The above description of each of the Purchase Agreement, the Rights Agreement, the Preferred Stock and the Subsequent Closing is only a summary and does not purport to be complete and is qualified in its entirety by reference to (i) the October 8-K, which is incorporated herein by reference, and (ii) the full text of the Certificate of Designations of the Preferred Stock, the Purchase Agreement and the Rights Agreement, copies of which are filed as Exhibits 3.1, 10.1 and 10.2, respectively, to this Current Report on Form 8-K and are incorporated herein by reference.
Item 5.02. Departure of Directors or Certain Officers; Election of Directors; Appointment of Certain Officers; Compensatory Arrangements of Certain Officers.
On November 11, 2019, the Board of Directors of the Company (the "Board") adopted the Glowpoint, Inc. 2019 Equity Incentive Plan (the "2019 Plan"), subject to requisite stockholder approval. On December 19, 2019, the 2019 Plan was approved by the Company’s stockholders at the Company’s 2019 Annual Meeting of Stockholders (the "Annual Meeting"). Also on December 19, 2019, the Board terminated the Glowpoint, Inc. 2014 Equity Incentive Plan (the "2014 Plan"). Notwithstanding the termination of the 2014 Plan, outstanding awards under the 2014 Plan will remain in effect accordance with their terms.
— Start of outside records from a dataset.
(* Let $n\ge 1$ and $d\ge 1$ be integers. Let $p:\mathbb{R}^3\to\mathbb{C}$ be a complex-valued homogeneous quadratic polynomial which is harmonic and horizontally conformal, i.e. $\tau(p)=0$ and $\kappa(p,p)=0$ on $\mathbb{R}^3$. Let $P_d,Q_d:\mathbb{C}^n\to\mathbb{C}$ be two linearly independent homogeneous polynomials in the complex variables $(z_1,\dots,z_n)$ (holomorphic, i.e. not involving $\bar z_k$) of the same degree $d$. Identify $\mathbb{R}^3\times\mathbb{C}^n$ with the Euclidean space $\mathbb{R}^{2n+3}$, and let $\mathcal Z(Q_d)=\{(x,z)\in\mathbb{R}^3\times\mathbb{C}^n : Q_d(z)=0\}$. Define $$\hat\Phi_d(x_1,x_2,x_3,z_1,\dots,z_n)=\frac{p(x_1,x_2,x_3)^{d/2}+P_d(z_1,\dots,z_n)}{Q_d(z_1,\dots,z_n)},$$ on $(\mathbb{R}^3\times\mathbb{C}^n)\setminus\mathcal Z(Q_d)$ if $d$ is even, and on $(\mathbb{R}^3\times\mathbb{C}^n)\setminus(\mathcal Z(Q_d)\cup\{(x,z): p(x)\in\mathbb{R},\ p(x)\le 0\})$ if $d$ is odd, where $p^{1/2}$ denotes the principal square root on $\mathbb{C}\setminus(-\infty,0]$. Then $\hat\Phi_d$ is a harmonic morphism on its domain.
   Context: For complex-valued $C^2$ functions $\phi,\psi$ on $\mathbb{R}^3\times\mathbb{C}^n\cong\mathbb{R}^{2n+3}$ (Euclidean metric, $z_k=x_{2k+2}+i x_{2k+3}$), the tension field is $\tau(\phi)=\sum_{k=1}^3\partial^2\phi/\partial x_k^2+4\sum_{k=1}^n\partial^2\phi/\partial z_k\partial\bar z_k$ (the Laplacian) and the conformality operator is $\kappa(\phi,\psi)=\sum_{k=1}^3\frac{\partial\phi}{\partial x_k}\frac{\partial\psi}{\partial x_k}+2\sum_{k=1}^n\big(\frac{\partial\phi}{\partial z_k}\frac{\partial\psi}{\partial\bar z_k}+\frac{\partial\phi}{\partial\bar z_k}\frac{\partial\psi}{\partial z_k}\big)$, i.e. the complex-bilinear extension of the metric applied to the gradients. A map $\phi:(M,g)\to\mathbb{C}$ is a harmonic morphism if for every harmonic function $f$ on an open $U\subset\mathbb{C}$ with $\phi^{-1}(U)\neq\emptyset$, $f\circ\phi$ is harmonic on $\phi^{-1}(U)$; equivalently (Fuglede), $\tau(\phi)=0$ and $\kappa(\phi,\phi)=0$. *)

theory Defs
  imports "HOL-Analysis.Analysis"
begin

definition pd :: "('a::euclidean_space \<Rightarrow> complex) \<Rightarrow> 'a \<Rightarrow> 'a \<Rightarrow> complex" where
  "pd f v q = vector_derivative (\<lambda>t::real. f (q + t *\<^sub>R v)) (at 0)"

definition C2_on :: "'a::euclidean_space set \<Rightarrow> ('a \<Rightarrow> complex) \<Rightarrow> bool" where
  "C2_on U f \<longleftrightarrow> f differentiable_on U \<and> (\<forall>b\<in>Basis. (pd f b) differentiable_on U)
     \<and> (\<forall>b\<in>Basis. \<forall>c\<in>Basis. continuous_on U (pd (pd f b) c))"

definition tension :: "('a::euclidean_space \<Rightarrow> complex) \<Rightarrow> 'a \<Rightarrow> complex" where
  "tension f q = (\<Sum>b\<in>Basis. pd (pd f b) b q)"

definition kappa :: "('a::euclidean_space \<Rightarrow> complex) \<Rightarrow> ('a \<Rightarrow> complex) \<Rightarrow> 'a \<Rightarrow> complex" where
  "kappa f g q = (\<Sum>b\<in>Basis. pd f b q * pd g b q)"

definition harmonic_on :: "'a::euclidean_space set \<Rightarrow> ('a \<Rightarrow> complex) \<Rightarrow> bool" where
  "harmonic_on U f \<longleftrightarrow> C2_on U f \<and> (\<forall>q\<in>U. tension f q = 0)"

definition harmonic_morphism :: "'a::euclidean_space set \<Rightarrow> ('a \<Rightarrow> complex) \<Rightarrow> bool" where
  "harmonic_morphism D \<phi> \<longleftrightarrow> continuous_on D \<phi> \<and>
     (\<forall>U (f::complex \<Rightarrow> complex). open U \<and> harmonic_on U f \<and> D \<inter> \<phi> -` U \<noteq> {}
        \<longrightarrow> harmonic_on (D \<inter> \<phi> -` U) (f \<circ> \<phi>))"

definition hom_quadratic :: "(real^3 \<Rightarrow> complex) \<Rightarrow> bool" where
  "hom_quadratic p \<longleftrightarrow> (\<exists>A::complex^3^3. \<forall>x. p x =
     (\<Sum>i\<in>UNIV. \<Sum>j\<in>UNIV. A$i$j * complex_of_real (x$i) * complex_of_real (x$j)))"

definition hom_hpoly :: "nat \<Rightarrow> (complex^'n::finite \<Rightarrow> complex) \<Rightarrow> bool" where
  "hom_hpoly d P \<longleftrightarrow> (\<exists>c :: ('n \<Rightarrow> nat) \<Rightarrow> complex. \<forall>z. P z =
     (\<Sum>\<alpha>\<in>{\<alpha>::'n \<Rightarrow> nat. sum \<alpha> UNIV = d}. c \<alpha> * (\<Prod>i\<in>UNIV. (z$i) ^ (\<alpha> i))))"

end

theory Submission
  imports Defs "HOL-Complex_Analysis.Complex_Analysis"
begin

(* p(x) and the coordinates z_1, ..., z_n are harmonic on R^3 x C^n and pairwise
   kappa-orthogonal: kappa(p,p) = 0 by hypothesis, kappa(z_j,z_k) = 0 because the z_k are
   holomorphic, and p and z_k depend on disjoint variables. By the product rule
   tau(fg) = f tau(g) + g tau(f) + 2 kappa(f,g) and the chain rule
   tau(h o f) = h' tau(f) + h'' kappa(f,f) for holomorphic h, the harmonic functions that are
   kappa-orthogonal to the generators and to every C^2 function kappa-orthogonal to the
   generators form a class closed under sums, products and holomorphic maps. It contains the
   quotient, and its members are harmonic and horizontally conformal, which by the real chain
   rule makes f o phi harmonic for every harmonic f. *)

no_notation fps_nth (infixl \<open>$\<close> 75)

lemma pd_eq_derivative:
  assumes "(f has_derivative f') (at q)"
  shows "pd f v q = f' v"
proof -
  have "((\<lambda>t::real. q + t *\<^sub>R v) has_derivative (\<lambda>t. t *\<^sub>R v)) (at 0)"
    by (auto intro!: derivative_eq_intros)
  with assms have "((\<lambda>t. f (q + t *\<^sub>R v)) has_derivative (\<lambda>t. f' (t *\<^sub>R v))) (at 0)"
    using diff_chain_at[of "\<lambda>t::real. q + t *\<^sub>R v" _ 0 f f'] by (simp add: o_def)
  then have "((\<lambda>t. f (q + t *\<^sub>R v)) has_vector_derivative f' v) (at 0)"
    using linear_scale[OF has_derivative_linear[OF assms]] by (simp add: has_vector_derivative_def)
  then show ?thesis unfolding pd_def by (rule vector_derivative_at)
qed

lemma has_derivative_pd:
  assumes "f differentiable (at q)"
  shows "(f has_derivative (\<lambda>v. pd f v q)) (at q)"
proof -
  obtain f' where f': "(f has_derivative f') (at q)" using assms differentiable_def by blast
  moreover have "(\<lambda>v. pd f v q) = f'" using pd_eq_derivative[OF f'] by auto
  ultimately show ?thesis by simp
qed

lemma pd_cong_open:
  assumes "open S" "q \<in> S" "\<And>y. y \<in> S \<Longrightarrow> f y = g y"
  shows "pd f v q = pd g v q"
proof -
  let ?T = "{t::real. q + t *\<^sub>R v \<in> S}"
  have "continuous_on UNIV (\<lambda>t::real. q + t *\<^sub>R v)"
    by (intro continuous_intros)
  then have "open ?T"
    using open_vimage[OF assms(1)] by (simp add: vimage_def)
  moreover have "0 \<in> ?T" using assms by simp
  ultimately have "eventually (\<lambda>t. t \<in> ?T) (nhds 0)"
    by (rule eventually_nhds_in_open)
  then have "eventually (\<lambda>t. t \<in> UNIV \<longrightarrow> f (q + t *\<^sub>R v) = g (q + t *\<^sub>R v)) (nhds 0)"
    by (rule eventually_mono) (simp add: assms(3))
  then show ?thesis
    unfolding pd_def by (intro vector_derivative_cong_eq) auto
qed

lemma differentiable_on_transform_open:
  assumes "open S" "\<And>y. y \<in> S \<Longrightarrow> f y = g y" "f differentiable_on S"
  shows "g differentiable_on S"
  using assms unfolding differentiable_on_def differentiable_def
  by (metis has_derivative_transform)

lemma pd_add:
  "f differentiable (at q) \<Longrightarrow> g differentiable (at q) \<Longrightarrow>
    pd (\<lambda>x. f x + g x) v q = pd f v q + pd g v q"
  by (intro pd_eq_derivative has_derivative_add has_derivative_pd)

lemma pd_mult:
  "f differentiable (at q) \<Longrightarrow> g differentiable (at q) \<Longrightarrow>
    pd (\<lambda>x. f x * g x) v q = f q * pd g v q + pd f v q * g q"
  by (intro pd_eq_derivative has_derivative_mult has_derivative_pd)

lemma pd_const: "pd (\<lambda>x. c) v = (\<lambda>q. 0)"
  by (simp add: pd_def fun_eq_iff)

lemma pd_zero: "pd f 0 = (\<lambda>q. 0)"
  by (simp add: pd_def fun_eq_iff)

lemma pd_compose:
  "f differentiable (at q) \<Longrightarrow> g differentiable (at (f q)) \<Longrightarrow>
    pd (\<lambda>x. g (f x)) v q = pd g (pd f v q) (f q)"
  using diff_chain_at[OF has_derivative_pd has_derivative_pd, of f q g] pd_eq_derivative
  by (simp add: o_def)

lemma pd_linear: "bounded_linear l \<Longrightarrow> pd l v q = l v"
  by (intro pd_eq_derivative bounded_linear_imp_has_derivative)

lemma pd_complex_domain:
  fixes g :: "complex \<Rightarrow> complex"
  assumes "g differentiable (at w)"
  shows "pd g h w = of_real (Re h) * pd g 1 w + of_real (Im h) * pd g \<i> w"
proof -
  have l: "linear (\<lambda>v. pd g v w)" using has_derivative_pd[OF assms] has_derivative_linear by blast
  have "h = Re h *\<^sub>R 1 + Im h *\<^sub>R \<i>" by (simp add: complex_eq_iff)
  then have "pd g h w = pd g (Re h *\<^sub>R 1 + Im h *\<^sub>R \<i>) w" by simp
  also have "\<dots> = Re h *\<^sub>R pd g 1 w + Im h *\<^sub>R pd g \<i> w"
    using linear_add[OF l] linear_scale[OF l] by simp
  finally show ?thesis by (simp add: scaleR_conv_of_real)
qed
The purpose of the 2019 Plan is to enhance long-term profitability and stockholder value by offering Common Stock and Common Stock-based and other performance incentives to those employees, directors and consultants who are key to the Company’s growth and success. The Company also views the 2019 Plan as a vehicle to attract and retain experienced employees and to align employees’ economic incentives with those of its stockholders. Participation in the 2019 Plan is limited to the Company’s employees, consultants, advisors, independent contractors and directors. The maximum number of shares of the Company’s Common Stock initially reserved and available for issuance under the 2019 Plan is equal to the sum of (i) 2,600,000 shares the Company’s Common Stock and (ii) the shares of the Company’s Common Stock remaining available for issuance under the 2014 Plan at the time of its termination, all of which are available for issuance as stock options, restricted stock, restricted stock units, performance awards, stock
appreciation rights, dividend equivalents, other stock-based awards and cash awards, based upon the passage of time, the occurrence of one or more events, or the satisfaction of performance criteria or other conditions, or any combination thereof.
The above description of the 2019 Plan is a summary only and does not purport to be complete and is qualified in its entirety by reference to (i) the principal terms of the 2019 Plan as described in the Company’s proxy statement for the Annual Meeting, filed with the SEC on November 29, 2019, which description is incorporated herein by reference; and (ii) the full text of the 2019 Plan, a copy of which is filed as Exhibit 10.3 to this Current Report on Form 8-K and is incorporated herein by reference.